§ TASK DATA:

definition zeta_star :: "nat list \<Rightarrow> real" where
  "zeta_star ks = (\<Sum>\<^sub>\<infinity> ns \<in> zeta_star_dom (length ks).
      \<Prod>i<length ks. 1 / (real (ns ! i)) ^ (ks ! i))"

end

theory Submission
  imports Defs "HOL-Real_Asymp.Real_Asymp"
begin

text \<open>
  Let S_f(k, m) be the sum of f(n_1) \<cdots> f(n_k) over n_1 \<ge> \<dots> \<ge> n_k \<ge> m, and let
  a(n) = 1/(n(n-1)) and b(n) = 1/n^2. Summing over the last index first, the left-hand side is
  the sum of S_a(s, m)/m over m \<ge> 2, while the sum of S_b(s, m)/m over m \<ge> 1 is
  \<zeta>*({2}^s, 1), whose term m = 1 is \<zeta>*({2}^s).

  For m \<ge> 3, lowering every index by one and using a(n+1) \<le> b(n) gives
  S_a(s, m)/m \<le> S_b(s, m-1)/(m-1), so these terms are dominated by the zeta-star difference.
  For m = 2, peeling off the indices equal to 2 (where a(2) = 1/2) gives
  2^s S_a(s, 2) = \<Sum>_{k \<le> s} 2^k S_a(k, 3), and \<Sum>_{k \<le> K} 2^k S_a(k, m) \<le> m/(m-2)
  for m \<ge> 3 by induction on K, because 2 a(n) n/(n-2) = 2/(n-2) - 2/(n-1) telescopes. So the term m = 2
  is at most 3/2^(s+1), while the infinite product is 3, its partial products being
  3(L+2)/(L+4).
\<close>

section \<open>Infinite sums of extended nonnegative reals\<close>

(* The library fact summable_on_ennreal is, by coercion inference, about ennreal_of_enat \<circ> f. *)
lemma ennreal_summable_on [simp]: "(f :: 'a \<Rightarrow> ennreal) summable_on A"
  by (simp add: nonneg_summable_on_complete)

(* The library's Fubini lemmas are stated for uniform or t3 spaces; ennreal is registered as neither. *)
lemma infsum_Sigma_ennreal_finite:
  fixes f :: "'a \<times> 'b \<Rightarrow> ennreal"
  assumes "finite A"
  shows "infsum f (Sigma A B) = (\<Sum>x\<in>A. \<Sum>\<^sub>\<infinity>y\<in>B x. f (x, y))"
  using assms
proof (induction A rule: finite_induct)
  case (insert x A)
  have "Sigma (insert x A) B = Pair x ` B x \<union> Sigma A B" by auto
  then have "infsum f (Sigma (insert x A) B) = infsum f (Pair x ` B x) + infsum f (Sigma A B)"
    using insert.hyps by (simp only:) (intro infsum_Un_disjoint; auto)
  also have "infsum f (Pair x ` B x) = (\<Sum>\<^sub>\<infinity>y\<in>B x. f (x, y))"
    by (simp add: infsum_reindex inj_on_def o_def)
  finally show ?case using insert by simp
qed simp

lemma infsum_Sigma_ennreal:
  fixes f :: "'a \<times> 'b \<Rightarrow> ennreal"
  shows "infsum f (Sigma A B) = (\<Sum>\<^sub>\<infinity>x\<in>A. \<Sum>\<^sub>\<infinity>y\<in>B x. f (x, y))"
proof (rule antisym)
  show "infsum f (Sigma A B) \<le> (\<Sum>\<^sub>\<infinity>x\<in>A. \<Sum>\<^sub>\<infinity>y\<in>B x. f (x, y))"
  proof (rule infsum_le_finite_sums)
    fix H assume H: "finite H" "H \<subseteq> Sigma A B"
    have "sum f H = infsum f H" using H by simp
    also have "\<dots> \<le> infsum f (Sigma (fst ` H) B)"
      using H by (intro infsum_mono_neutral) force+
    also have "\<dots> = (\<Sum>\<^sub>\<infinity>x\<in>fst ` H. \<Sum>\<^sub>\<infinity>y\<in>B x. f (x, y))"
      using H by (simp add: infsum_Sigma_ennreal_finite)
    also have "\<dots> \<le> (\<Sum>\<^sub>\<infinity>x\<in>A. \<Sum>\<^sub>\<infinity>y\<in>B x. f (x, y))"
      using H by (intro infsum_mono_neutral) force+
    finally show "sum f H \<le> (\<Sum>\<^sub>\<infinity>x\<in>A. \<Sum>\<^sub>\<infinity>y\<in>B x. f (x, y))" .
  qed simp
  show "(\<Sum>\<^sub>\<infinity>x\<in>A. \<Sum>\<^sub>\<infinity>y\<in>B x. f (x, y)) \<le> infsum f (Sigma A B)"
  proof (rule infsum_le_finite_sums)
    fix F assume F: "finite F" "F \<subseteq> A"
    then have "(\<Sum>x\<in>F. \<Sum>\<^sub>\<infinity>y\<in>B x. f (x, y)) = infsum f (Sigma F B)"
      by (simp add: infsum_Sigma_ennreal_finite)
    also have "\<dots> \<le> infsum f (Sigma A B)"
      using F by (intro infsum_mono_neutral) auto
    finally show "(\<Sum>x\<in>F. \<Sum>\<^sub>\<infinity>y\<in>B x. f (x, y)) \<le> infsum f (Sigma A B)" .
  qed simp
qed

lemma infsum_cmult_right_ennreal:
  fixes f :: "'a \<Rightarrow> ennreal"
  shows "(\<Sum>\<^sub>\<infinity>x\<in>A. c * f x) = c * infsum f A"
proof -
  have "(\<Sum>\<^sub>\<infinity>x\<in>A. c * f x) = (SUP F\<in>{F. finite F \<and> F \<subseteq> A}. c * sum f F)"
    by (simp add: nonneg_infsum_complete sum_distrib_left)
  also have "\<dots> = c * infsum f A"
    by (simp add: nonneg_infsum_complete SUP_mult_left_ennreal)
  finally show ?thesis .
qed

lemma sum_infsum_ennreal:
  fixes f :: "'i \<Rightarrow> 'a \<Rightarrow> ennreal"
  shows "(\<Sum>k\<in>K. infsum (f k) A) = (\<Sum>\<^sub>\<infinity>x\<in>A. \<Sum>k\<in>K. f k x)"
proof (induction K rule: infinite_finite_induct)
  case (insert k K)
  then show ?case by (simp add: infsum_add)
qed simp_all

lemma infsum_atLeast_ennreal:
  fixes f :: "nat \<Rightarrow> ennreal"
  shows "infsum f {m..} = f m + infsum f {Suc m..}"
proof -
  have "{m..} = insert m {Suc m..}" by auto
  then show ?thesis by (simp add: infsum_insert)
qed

---

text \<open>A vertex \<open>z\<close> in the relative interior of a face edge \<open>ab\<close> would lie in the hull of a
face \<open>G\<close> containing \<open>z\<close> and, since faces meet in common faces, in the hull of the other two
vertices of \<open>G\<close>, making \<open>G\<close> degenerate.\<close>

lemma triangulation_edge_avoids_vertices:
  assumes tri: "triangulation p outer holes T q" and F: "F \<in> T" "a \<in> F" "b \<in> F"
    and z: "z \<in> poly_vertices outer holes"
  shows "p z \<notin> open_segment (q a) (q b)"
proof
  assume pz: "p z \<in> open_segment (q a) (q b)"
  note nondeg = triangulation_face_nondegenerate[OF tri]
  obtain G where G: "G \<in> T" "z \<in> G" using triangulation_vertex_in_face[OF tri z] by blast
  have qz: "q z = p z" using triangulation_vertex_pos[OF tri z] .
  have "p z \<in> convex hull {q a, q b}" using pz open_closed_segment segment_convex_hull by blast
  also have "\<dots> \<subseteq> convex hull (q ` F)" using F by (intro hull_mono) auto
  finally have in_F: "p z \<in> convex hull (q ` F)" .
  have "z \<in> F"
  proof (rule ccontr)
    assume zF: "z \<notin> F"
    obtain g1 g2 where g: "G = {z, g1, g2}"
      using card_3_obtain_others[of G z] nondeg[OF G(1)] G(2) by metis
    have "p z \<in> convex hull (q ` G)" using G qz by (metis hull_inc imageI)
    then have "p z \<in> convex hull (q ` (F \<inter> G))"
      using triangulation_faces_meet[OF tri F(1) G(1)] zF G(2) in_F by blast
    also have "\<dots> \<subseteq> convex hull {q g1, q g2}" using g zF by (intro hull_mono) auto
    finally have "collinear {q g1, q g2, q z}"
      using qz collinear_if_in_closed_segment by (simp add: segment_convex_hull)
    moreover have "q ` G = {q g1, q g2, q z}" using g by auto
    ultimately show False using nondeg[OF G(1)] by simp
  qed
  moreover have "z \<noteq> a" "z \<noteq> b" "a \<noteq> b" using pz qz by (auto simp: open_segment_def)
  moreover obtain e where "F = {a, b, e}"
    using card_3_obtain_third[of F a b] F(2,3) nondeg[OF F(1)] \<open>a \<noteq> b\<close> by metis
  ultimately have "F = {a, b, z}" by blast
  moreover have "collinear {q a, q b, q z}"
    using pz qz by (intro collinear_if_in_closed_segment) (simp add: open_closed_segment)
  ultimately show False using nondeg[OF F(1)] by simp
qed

§ ABOUT THIS TASK: What lines in the material include the string "False"? Pull each one out.

§ RESPONSE AREA:
    ultimately show False using nondeg[OF G(1)] by simp
  ultimately show False using nondeg[OF F(1)] by simp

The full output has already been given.